◆ TASK DESCRIPTION:
Whenever a line of the listing contains "powers", it counts; give the total number of such lines and nothing more.

◆ EXERCISE DATA:

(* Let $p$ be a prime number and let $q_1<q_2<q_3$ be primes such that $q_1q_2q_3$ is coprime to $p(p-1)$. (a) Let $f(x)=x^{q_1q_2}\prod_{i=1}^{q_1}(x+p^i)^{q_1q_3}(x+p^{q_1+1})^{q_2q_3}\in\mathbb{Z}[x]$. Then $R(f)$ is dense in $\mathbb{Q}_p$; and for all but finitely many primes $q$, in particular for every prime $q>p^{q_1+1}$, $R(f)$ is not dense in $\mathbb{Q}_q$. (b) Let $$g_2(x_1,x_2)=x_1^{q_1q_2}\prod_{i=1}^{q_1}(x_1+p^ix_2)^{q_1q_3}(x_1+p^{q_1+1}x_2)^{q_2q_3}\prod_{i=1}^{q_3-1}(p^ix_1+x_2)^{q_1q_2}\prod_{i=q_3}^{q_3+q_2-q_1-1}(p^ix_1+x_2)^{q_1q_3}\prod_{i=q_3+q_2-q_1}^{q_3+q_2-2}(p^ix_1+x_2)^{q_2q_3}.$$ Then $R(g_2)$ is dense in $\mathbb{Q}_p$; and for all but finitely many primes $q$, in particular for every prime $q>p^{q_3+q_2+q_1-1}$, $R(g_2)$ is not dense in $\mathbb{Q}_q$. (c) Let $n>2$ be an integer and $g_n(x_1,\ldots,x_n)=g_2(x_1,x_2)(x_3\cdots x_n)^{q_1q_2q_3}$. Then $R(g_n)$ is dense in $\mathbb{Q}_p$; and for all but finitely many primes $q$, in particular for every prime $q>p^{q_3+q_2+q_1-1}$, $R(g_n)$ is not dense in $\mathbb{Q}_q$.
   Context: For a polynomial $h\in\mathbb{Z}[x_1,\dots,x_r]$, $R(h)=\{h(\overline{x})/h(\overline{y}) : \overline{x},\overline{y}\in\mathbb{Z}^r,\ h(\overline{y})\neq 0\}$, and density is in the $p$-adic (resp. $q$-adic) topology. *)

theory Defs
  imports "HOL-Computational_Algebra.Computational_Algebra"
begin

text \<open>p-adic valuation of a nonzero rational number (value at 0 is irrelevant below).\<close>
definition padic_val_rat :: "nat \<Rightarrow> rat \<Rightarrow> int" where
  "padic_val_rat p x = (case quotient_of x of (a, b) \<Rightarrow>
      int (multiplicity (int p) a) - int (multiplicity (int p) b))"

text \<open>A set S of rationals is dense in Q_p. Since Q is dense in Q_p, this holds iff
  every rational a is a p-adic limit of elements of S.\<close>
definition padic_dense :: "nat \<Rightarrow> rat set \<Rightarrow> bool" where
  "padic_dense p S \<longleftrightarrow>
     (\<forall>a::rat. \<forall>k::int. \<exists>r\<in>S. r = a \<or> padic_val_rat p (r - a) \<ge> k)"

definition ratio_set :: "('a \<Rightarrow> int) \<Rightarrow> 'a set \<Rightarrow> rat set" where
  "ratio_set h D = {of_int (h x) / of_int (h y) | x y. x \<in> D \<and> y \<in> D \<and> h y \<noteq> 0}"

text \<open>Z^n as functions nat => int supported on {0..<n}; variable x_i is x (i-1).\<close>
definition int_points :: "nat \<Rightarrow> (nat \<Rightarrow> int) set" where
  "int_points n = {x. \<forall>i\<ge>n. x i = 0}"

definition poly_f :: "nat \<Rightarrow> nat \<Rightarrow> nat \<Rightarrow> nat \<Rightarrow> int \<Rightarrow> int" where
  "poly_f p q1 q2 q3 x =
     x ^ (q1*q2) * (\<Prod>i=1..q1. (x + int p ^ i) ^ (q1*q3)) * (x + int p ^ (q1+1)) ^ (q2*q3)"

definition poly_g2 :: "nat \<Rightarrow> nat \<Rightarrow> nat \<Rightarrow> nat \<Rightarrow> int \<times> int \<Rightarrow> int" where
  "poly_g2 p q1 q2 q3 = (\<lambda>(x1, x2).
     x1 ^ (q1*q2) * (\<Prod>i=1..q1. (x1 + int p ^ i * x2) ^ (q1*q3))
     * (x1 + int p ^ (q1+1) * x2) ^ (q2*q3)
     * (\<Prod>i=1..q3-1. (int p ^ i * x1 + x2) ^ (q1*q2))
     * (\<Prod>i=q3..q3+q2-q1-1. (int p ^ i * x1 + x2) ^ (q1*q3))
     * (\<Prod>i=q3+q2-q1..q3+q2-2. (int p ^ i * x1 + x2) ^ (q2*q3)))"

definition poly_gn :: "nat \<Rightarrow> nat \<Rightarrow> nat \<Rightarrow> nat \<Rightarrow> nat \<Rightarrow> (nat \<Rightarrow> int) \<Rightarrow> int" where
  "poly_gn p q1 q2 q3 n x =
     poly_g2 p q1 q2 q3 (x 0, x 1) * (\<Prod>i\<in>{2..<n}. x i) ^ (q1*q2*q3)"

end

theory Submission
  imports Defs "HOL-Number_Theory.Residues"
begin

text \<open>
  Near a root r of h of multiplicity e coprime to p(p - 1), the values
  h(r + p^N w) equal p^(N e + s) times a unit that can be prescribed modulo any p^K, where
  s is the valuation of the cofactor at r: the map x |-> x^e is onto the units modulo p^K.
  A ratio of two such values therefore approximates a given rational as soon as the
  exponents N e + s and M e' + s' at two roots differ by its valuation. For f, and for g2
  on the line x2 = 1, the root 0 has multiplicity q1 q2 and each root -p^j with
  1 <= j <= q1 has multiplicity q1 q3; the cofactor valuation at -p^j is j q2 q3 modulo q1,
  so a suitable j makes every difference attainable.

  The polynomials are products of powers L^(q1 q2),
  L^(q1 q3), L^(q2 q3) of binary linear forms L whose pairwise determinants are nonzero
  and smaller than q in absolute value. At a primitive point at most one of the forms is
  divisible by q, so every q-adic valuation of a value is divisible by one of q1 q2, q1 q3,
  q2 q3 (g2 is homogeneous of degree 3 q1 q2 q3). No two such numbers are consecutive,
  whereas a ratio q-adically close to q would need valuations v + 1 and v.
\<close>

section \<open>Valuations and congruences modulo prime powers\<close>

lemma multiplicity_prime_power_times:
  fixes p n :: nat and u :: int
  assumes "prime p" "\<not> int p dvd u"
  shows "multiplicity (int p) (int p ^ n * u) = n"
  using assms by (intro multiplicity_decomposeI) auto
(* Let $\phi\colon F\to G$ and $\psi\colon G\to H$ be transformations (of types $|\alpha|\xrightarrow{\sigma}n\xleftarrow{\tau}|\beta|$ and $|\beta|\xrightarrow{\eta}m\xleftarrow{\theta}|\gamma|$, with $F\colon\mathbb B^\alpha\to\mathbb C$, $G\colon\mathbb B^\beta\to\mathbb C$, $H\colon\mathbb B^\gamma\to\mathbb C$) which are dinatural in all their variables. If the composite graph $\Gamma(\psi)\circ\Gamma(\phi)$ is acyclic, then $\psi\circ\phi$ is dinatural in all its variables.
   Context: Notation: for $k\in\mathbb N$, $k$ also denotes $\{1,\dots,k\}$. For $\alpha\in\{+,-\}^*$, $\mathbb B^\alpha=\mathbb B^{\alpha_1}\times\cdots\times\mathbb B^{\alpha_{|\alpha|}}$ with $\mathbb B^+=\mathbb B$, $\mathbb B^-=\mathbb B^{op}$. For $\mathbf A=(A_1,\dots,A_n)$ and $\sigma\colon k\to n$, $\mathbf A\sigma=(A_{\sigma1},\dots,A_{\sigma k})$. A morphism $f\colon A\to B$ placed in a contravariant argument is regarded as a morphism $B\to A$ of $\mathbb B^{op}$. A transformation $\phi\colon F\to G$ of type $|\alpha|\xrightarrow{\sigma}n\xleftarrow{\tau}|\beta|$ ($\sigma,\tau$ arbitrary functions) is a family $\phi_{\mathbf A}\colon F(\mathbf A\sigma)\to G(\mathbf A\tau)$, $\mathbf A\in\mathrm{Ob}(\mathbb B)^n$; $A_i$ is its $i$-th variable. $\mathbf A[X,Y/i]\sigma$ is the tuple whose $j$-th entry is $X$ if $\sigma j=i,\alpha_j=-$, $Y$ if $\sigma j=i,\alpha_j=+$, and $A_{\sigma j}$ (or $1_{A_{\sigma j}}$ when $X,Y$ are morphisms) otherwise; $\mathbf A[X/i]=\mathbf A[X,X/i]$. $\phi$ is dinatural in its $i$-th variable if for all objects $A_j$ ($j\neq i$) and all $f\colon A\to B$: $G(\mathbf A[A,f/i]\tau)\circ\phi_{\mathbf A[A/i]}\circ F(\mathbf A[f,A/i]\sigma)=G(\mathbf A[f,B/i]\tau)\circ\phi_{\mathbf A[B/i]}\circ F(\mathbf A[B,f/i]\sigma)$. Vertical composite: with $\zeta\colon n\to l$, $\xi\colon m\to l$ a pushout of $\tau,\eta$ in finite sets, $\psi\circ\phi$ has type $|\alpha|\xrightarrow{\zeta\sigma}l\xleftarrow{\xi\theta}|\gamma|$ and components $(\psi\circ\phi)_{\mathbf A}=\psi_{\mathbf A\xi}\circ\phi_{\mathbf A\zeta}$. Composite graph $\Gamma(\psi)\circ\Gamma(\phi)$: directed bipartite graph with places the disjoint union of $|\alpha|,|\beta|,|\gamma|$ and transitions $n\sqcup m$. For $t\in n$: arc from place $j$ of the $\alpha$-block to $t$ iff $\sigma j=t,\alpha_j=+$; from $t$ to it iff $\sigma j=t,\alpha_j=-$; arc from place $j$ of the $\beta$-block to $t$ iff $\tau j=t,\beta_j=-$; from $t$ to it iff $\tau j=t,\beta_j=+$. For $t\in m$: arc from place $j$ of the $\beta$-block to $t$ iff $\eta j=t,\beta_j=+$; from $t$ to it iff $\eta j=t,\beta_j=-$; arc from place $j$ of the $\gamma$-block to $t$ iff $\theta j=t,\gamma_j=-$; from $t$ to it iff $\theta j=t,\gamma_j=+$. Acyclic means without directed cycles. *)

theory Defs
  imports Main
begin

◆ RESULT OF THE TASK:
2